AI-Powered Search Experience
Fess can implement RAG (Retrieval-Augmented Generation), which has been attracting significant attention in recent years. When a user asks a question in natural language, Fess searches internal documents for relevant information, and an LLM generates an answer. As an “internal AI assistant,” it enables further evolution of knowledge utilization.
Series Outline
This series consists of 23 parts in total. It is designed so that readers from beginners to advanced users can deepen their understanding step by step.
Fundamentals (Parts 1-5)
The first five parts, including this article, cover the introduction to Fess and basic scenarios. You will learn about quick start with Docker Compose, adding search functionality to websites, building multi-source search, and permission-based search control.
Practical Solutions (Parts 6-12)
This section covers practical content based on real business scenarios, including building a knowledge hub for development teams, cross-searching cloud storage, tuning search quality, multilingual support, operations management, and API integration.

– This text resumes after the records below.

definition row_stochastic :: "real^'n^'n \<Rightarrow> bool" where
  "row_stochastic A \<longleftrightarrow> (\<forall>i j. 0 \<le> A $ i $ j) \<and> (\<forall>i. (\<Sum>j\<in>UNIV. A $ i $ j) = 1)"

definition A_set :: "('n::finite \<times> 'n) set \<Rightarrow> real \<Rightarrow> (real^'n^'n) set" where
  "A_set E \<epsilon> = {A. row_stochastic A \<and>
     (\<forall>i j. ((j, i) \<in> E \<longrightarrow> \<epsilon> \<le> A $ i $ j \<and> A $ i $ j \<le> 1) \<and>
            ((j, i) \<notin> E \<longrightarrow> A $ i $ j = 0))}"

definition D_set :: "real \<Rightarrow> real \<Rightarrow> (real^'n^'n) set" where
  "D_set C1 C2 = {(\<chi> i j. if i = j then d $ i else 0) | d :: real^'n. \<forall>i. C1 \<le> d $ i \<and> d $ i \<le> C2}"

definition M_set :: "('n::finite \<times> 'n) set \<Rightarrow> real \<Rightarrow> real \<Rightarrow> real \<Rightarrow> (real^'n^'n) set" where
  "M_set E \<epsilon> C1 C2 = {D ** A | D A. D \<in> D_set C1 C2 \<and> A \<in> A_set E \<epsilon>}"

fun partial_prod :: "(nat \<Rightarrow> real^'n^'n) \<Rightarrow> nat \<Rightarrow> real^'n^'n" where
  "partial_prod M 0 = M 0"
| "partial_prod M (Suc t) = M (Suc t) ** partial_prod M t"

definition ergodic :: "(nat \<Rightarrow> real^'n::finite^'n) \<Rightarrow> bool" where
  "ergodic P \<longleftrightarrow> (\<exists>S :: nat \<Rightarrow> real^'n^'n.
      (\<forall>t. rank (S t) = 1 \<and> (\<forall>i j. 0 < S t $ i $ j)) \<and>
      (\<forall>i j. (\<lambda>t. P t $ i $ j / S t $ i $ j) \<longlonglongrightarrow> 1))"

end

theory Submission
  imports Defs
begin
text \<open>The new maximum \<open>Suc k\<close> becomes a peak, while its neighbours \<open>b\<close> and \<open>inv q b\<close> are
  below it and so lose their peak status.\<close>

lemma cycle_peaks_insert_after:
  assumes q: "q permutes {1..k}" and b: "b \<in> {1..k}"
  shows "cycle_peaks (transpose (Suc k) b \<circ> q) {1..Suc k}
       = insert (Suc k) (cycle_peaks q {1..k} - {b, inv q b})"
proof -
  define q' where "q' = transpose (Suc k) b \<circ> q"
  have "Suc k \<notin> {1..k}" by simp
  note q'_apply = transpose_comp_apply[OF q this b, folded q'_def]
  have inv_q': "inv q' i = inv q (transpose (Suc k) b i)" for i
    by (simp add: q'_def inv_transpose_comp[OF q])
  have inv_q_n: "inv q (Suc k) = Suc k"
    using permutes_not_in[OF permutes_inv[OF q]] by simp
  have j: "inv q b \<in> {1..k}" using permutes_in_image[OF permutes_inv[OF q]] b by simp
  have "i \<in> cycle_peaks q' {1..Suc k} \<longleftrightarrow> i \<in> insert (Suc k) (cycle_peaks q {1..k} - {b, inv q b})"
    for i
  proof -
    consider "i = Suc k" | "i \<noteq> Suc k" "i = b" | "i \<noteq> Suc k" "i \<noteq> b" "i = inv q b"
      | "i \<noteq> Suc k" "i \<noteq> b" "i \<noteq> inv q b" by blast
    then show ?thesis
    proof cases
      case 1
      with q'_apply(1) inv_q' j b show ?thesis by (simp add: cycle_peaks_def)
    next
      case 2
      with inv_q' inv_q_n show ?thesis by (simp add: cycle_peaks_def)
    next
      case 3
      with q'_apply(2) show ?thesis by (simp add: cycle_peaks_def)
    next
      case 4
      with q'_apply(3) inv_q' show ?thesis by (auto simp: cycle_peaks_def le_Suc_eq)
    qed
  qed
  then show ?thesis unfolding q'_def by blast
qed

section \<open>The signed peak polynomial\<close>

definition cpk_cyc_weight :: "nat \<Rightarrow> (nat \<Rightarrow> nat) \<Rightarrow> int poly" where
  "cpk_cyc_weight n p = [:0, 1:] ^ cpk n p * (-1) ^ (n - cyc n p)"

definition cpk_cyc_poly :: "nat \<Rightarrow> int poly" where
  "cpk_cyc_poly n = (\<Sum>p \<in> {p. p permutes {1..n}}. cpk_cyc_weight n p)"

lemma cyc_le: "cyc n p \<le> n"
  unfolding cyc_def using card_image_le[of "{1..n}" "perm_cycle p"] by simp

lemma cpk_cyc_weight_insert_fixpoint:
  assumes "q permutes {1..k}"
  shows "cpk_cyc_weight (Suc k) q = cpk_cyc_weight k q"
proof -
  have "{1..Suc k} = insert (Suc k) {1..k}" by auto
  then have "cyc (Suc k) q = Suc (cyc k q)"
    using assms card_orbits_insert_fixpoint[OF _ assms, of "Suc k"]
      cyc_eq_card_orbits[OF assms] cyc_eq_card_orbits[OF permutes_subset[OF assms]]
    by simp
  then show ?thesis
    using cycle_peaks_insert_fixpoint[OF assms]
    by (simp add: cpk_cyc_weight_def cpk_eq_card_cycle_peaks)
qed

lemma cpk_cyc_weight_insert_after:
  assumes q: "q permutes {1..k}" and b: "b \<in> {1..k}"
  shows "cpk_cyc_weight (Suc k) (transpose (Suc k) b \<circ> q)
       = - ([:0, 1:] ^ card (insert (Suc k) (cycle_peaks q {1..k} - {b, inv q b}))
            * (-1) ^ (k - cyc k q))"
proof -
  define q' where "q' = transpose (Suc k) b \<circ> q"
  have S: "{1..Suc k} = insert (Suc k) {1..k}" by auto
  have "Suc k \<notin> {1..k}" by simp
  note q'_apply = transpose_comp_apply[OF q this b, folded q'_def]
  have perm_q': "q' permutes {1..Suc k}"
    unfolding S q'_def using b
    by (intro permutes_compose[OF permutes_subset[OF q]] permutes_swap_id) auto
  have "inv q b \<in> {1..k}" using permutes_in_image[OF permutes_inv[OF q]] b by simp
  then have "card (orbit q' ` insert (Suc k) {1..k}) = card (orbit q ` {1..k})"
    using q'_apply permutes_inverses(1)[OF q]
    by (intro card_orbits_insert_after[OF _ q perm_q'[unfolded S]]) auto
  then have "cyc (Suc k) q' = cyc k q"
    unfolding cyc_eq_card_orbits[OF q] cyc_eq_card_orbits[OF perm_q'] S .
  then have sign: "Suc k - cyc (Suc k) q' = Suc (k - cyc k q)" using cyc_le[of k q] by simp
  have peaks: "cycle_peaks q' {1..Suc k} = insert (Suc k) (cycle_peaks q {1..k} - {b, inv q b})"
    unfolding q'_def by (rule cycle_peaks_insert_after[OF q b])
  show ?thesis
    unfolding q'_def[symmetric] cpk_cyc_weight_def cpk_eq_card_cycle_peaks peaks sign by simp
qed

lemma power_card_insert_Diff_pair:
  fixes X :: "'a :: comm_ring_1"
  assumes "finite P" and "n \<notin> P" and "\<not> (b \<in> P \<and> j \<in> P)"
  shows "X ^ card (insert n (P - {b, j}))
       = X ^ Suc (card P) + (of_bool (b \<in> P) + of_bool (j \<in> P)) * (X ^ card P - X ^ Suc (card P))"
proof -
  have card_insert: "card (insert n (P - {b, j})) = Suc (card (P - {b, j}))"
    using assms(1,2) by simp
  consider "b \<in> P" "j \<notin> P" | "b \<notin> P" "j \<in> P" | "b \<notin> P" "j \<notin> P"
    using assms(3) by blast
  then show ?thesis
  proof cases
    case 1
    then have "P - {b, j} = P - {b}" by blast
    then have "Suc (card (P - {b, j})) = card P"
      using card_Suc_Diff1[OF assms(1) 1(1)] by (simp only:)
    with 1 card_insert show ?thesis by simp
  next
    case 2
    then have "P - {b, j} = P - {j}" by blast
    then have "Suc (card (P - {b, j})) = card P"
      using card_Suc_Diff1[OF assms(1) 2(2)] by (simp only:)
    with 2 card_insert show ?thesis by simp
  next
    case 3
    then have "P - {b, j} = P" by blast
    with 3 card_insert show ?thesis by simp
  qed
qed

lemma sum_power_card_insert_Diff_pair:
  fixes X :: "'a :: comm_ring_1"
  assumes "finite S" and g: "g permutes S" and "P \<subseteq> S" and "n \<notin> P"
    and not_both: "\<And>b. b \<in> P \<Longrightarrow> g b \<notin> P"
  shows "(\<Sum>b\<in>S. X ^ card (insert n (P - {b, g b})))
       = of_nat (card S) * X ^ Suc (card P) + of_nat (2 * card P) * (X ^ card P - X ^ Suc (card P))"
proof -
  have finite_P: "finite P" using assms(1,3) by (rule finite_subset[rotated])
  have count: "(\<Sum>b\<in>S. of_bool (b \<in> P)) = (of_nat (card P) :: 'a)"
    using assms(1,3) by (simp add: Int_absorb1)
  have "(\<Sum>b\<in>S. of_bool (g b \<in> P)) = (\<Sum>b\<in>S. (of_bool (b \<in> P) :: 'a))"
    by (rule sum.reindex_bij_betw[OF permutes_imp_bij[OF g]])
  with count have count_g: "(\<Sum>b\<in>S. of_bool (g b \<in> P)) = (of_nat (card P) :: 'a)" by simp
  have "(\<Sum>b\<in>S. X ^ card (insert n (P - {b, g b})))
      = (\<Sum>b\<in>S. X ^ Suc (card P)
          + (of_bool (b \<in> P) + of_bool (g b \<in> P)) * (X ^ card P - X ^ Suc (card P)))"
    by (rule sum.cong[OF refl], rule power_card_insert_Diff_pair[OF finite_P \<open>n \<notin> P\<close>])
      (use not_both in blast)
  also have "\<dots> = of_nat (card S) * X ^ Suc (card P)
      + ((\<Sum>b\<in>S. of_bool (b \<in> P)) + (\<Sum>b\<in>S. of_bool (g b \<in> P))) * (X ^ card P - X ^ Suc (card P))"
    by (simp add: sum.distrib sum_distrib_right distrib_right)
  finally show ?thesis by (simp add: count count_g)
qed

lemma cpk_cyc_weight_insertions:
  assumes q: "q permutes {1..k}"
  shows "cpk_cyc_weight (Suc k) q + (\<Sum>b\<in>{1..k}. cpk_cyc_weight (Suc k) (transpose (Suc k) b \<circ> q))
       = (1 - of_nat k * [:0, 1:] - 2 * of_nat (cpk k q) * (1 - [:0, 1:])) * cpk_cyc_weight k q"
proof -
  define X :: "int poly" where "X = [:0, 1:]"
  define P where "P = cycle_peaks q {1..k}"
  define s :: "int poly" where "s = (-1) ^ (k - cyc k q)"
  have not_both: "b \<in> P \<Longrightarrow> inv q b \<notin> P" for b
    using permutes_inverses(1)[OF q] by (auto simp: P_def cycle_peaks_def)
  have "P \<subseteq> {1..k}" "Suc k \<notin> P" by (auto simp: P_def cycle_peaks_def)
  from sum_power_card_insert_Diff_pair[OF _ permutes_inv[OF q] this not_both, of X]
  have peak_sum: "(\<Sum>b\<in>{1..k}. X ^ card (insert (Suc k) (P - {b, inv q b})))
      = of_nat k * X ^ Suc (card P) + of_nat (2 * card P) * (X ^ card P - X ^ Suc (card P))"
    by simp
  have "(\<Sum>b\<in>{1..k}. cpk_cyc_weight (Suc k) (transpose (Suc k) b \<circ> q))
      = (\<Sum>b\<in>{1..k}. - s * X ^ card (insert (Suc k) (P - {b, inv q b})))"
    by (rule sum.cong[OF refl]) (simp add: cpk_cyc_weight_insert_after[OF q] X_def P_def s_def)
  also have "\<dots> = - s * (\<Sum>b\<in>{1..k}. X ^ card (insert (Suc k) (P - {b, inv q b})))"
    by (rule sum_distrib_left[symmetric])
  finally have "(\<Sum>b\<in>{1..k}. cpk_cyc_weight (Suc k) (transpose (Suc k) b \<circ> q))
      = - s * (of_nat k * X ^ Suc (card P) + of_nat (2 * card P) * (X ^ card P - X ^ Suc (card P)))"
    unfolding peak_sum .
  moreover have "cpk_cyc_weight k q = X ^ card P * s"
    by (simp add: cpk_cyc_weight_def cpk_eq_card_cycle_peaks X_def P_def s_def)
  ultimately show ?thesis
    unfolding cpk_cyc_weight_insert_fixpoint[OF q] X_def[symmetric] cpk_eq_card_cycle_peaks P_def[symmetric]
    by (simp add: algebra_simps)
qed

lemma mult_pderiv_power: "p * pderiv (p ^ m) = smult (of_nat m) (pderiv p * p ^ m)"
proof (cases m)
  case (Suc k)
  then show ?thesis by (simp only: pderiv_power_Suc) (simp add: mult_ac)
qed simp

lemma X_mult_pderiv_cpk_cyc_weight:
  "[:0, 1:] * pderiv (cpk_cyc_weight n p) = of_nat (cpk n p) * cpk_cyc_weight n p"
proof -
  define X :: "int poly" where "X = [:0, 1:]"
  define c where "c = cpk n p"
  define s :: "int poly" where "s = (-1) ^ (n - cyc n p)"
  have "pderiv s = 0" by (simp add: s_def pderiv_power pderiv_minus)
  then have "X * pderiv (X ^ c * s) = (X * pderiv (X ^ c)) * s"
    by (simp add: pderiv_mult mult_ac)
  also have "\<dots> = of_nat c * (X ^ c * s)"
    using mult_pderiv_power[of X c] by (simp add: X_def pderiv_pCons of_nat_poly mult_ac)
  finally show ?thesis by (simp add: cpk_cyc_weight_def X_def c_def s_def)
qed

lemma pderiv_sum: "pderiv (sum f A) = (\<Sum>x\<in>A. pderiv (f x))"
  using higher_pderiv_sum[of 1 f A] by simp

lemma cpk_cyc_poly_Suc:
  "cpk_cyc_poly (Suc k)
   = (1 - of_nat k * [:0, 1:]) * cpk_cyc_poly k - 2 * (1 - [:0, 1:]) * ([:0, 1:] * pderiv (cpk_cyc_poly k))"
proof -
  define X :: "int poly" where "X = [:0, 1:]"
  define w where "w = cpk_cyc_weight"
  let ?perms = "\<lambda>n. {p. p permutes {1..n}}"
  have insertions: "w (Suc k) q + (\<Sum>b\<in>{1..k}. w (Suc k) (transpose (Suc k) b \<circ> q))
      = (1 - of_nat k * X) * w k q - 2 * (1 - X) * (X * pderiv (w k q))" if "q permutes {1..k}" for q
    unfolding w_def X_def X_mult_pderiv_cpk_cyc_weight cpk_cyc_weight_insertions[OF that]
    by (simp add: algebra_simps)
  have "{1..Suc k} = insert (Suc k) {1..k}" by auto
  then have "cpk_cyc_poly (Suc k)
      = (\<Sum>b\<in>insert (Suc k) {1..k}. \<Sum>q\<in>?perms k. w (Suc k) (transpose (Suc k) b \<circ> q))"
    unfolding cpk_cyc_poly_def w_def by (simp add: sum_over_permutations_insert)
  also have "\<dots> = (\<Sum>q\<in>?perms k. \<Sum>b\<in>insert (Suc k) {1..k}. w (Suc k) (transpose (Suc k) b \<circ> q))"
    by (rule sum.swap)
  also have "\<dots> = (\<Sum>q\<in>?perms k. w (Suc k) q + (\<Sum>b\<in>{1..k}. w (Suc k) (transpose (Suc k) b \<circ> q)))"
    by (simp add: comp_def)
  also have "\<dots> = (\<Sum>q\<in>?perms k. (1 - of_nat k * X) * w k q - 2 * (1 - X) * (X * pderiv (w k q)))"
    using insertions by (intro sum.cong) simp_all
  also have "\<dots> = (1 - of_nat k * X) * cpk_cyc_poly k - 2 * (1 - X) * (X * pderiv (cpk_cyc_poly k))"
    by (simp add: cpk_cyc_poly_def w_def pderiv_sum sum_subtractf sum_distrib_left)
  finally show ?thesis unfolding X_def .
qed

Architecture and Scaling (Parts 13-17)
This section covers advanced architectural topics such as multi-tenant design, scaling to large environments, security architecture, DevOps-style operational automation, and plugin development.
AI and Next-Generation Search (Parts 18-22)
This section covers the latest search technologies, from the basics of semantic search to building AI assistants with RAG, utilizing Fess as an MCP server, multimodal search, and search analytics.
Summary (Part 23)
The final installment consolidates the knowledge gained throughout the series and presents a reference architecture for a knowledge platform centered on Fess.
Conclusion
This article introduced the need for an enterprise search platform and the role Fess plays.
Information overload and information silos are challenges common to many enterprises
Enterprise search enables cross-source searching of scattered information
Fess is open source and provides a complete set of features needed for a search system
It supports extensibility through plugins and AI integration
In the next installment, we will introduce how to launch Fess using Docker Compose and try out the search experience in the shortest time possible.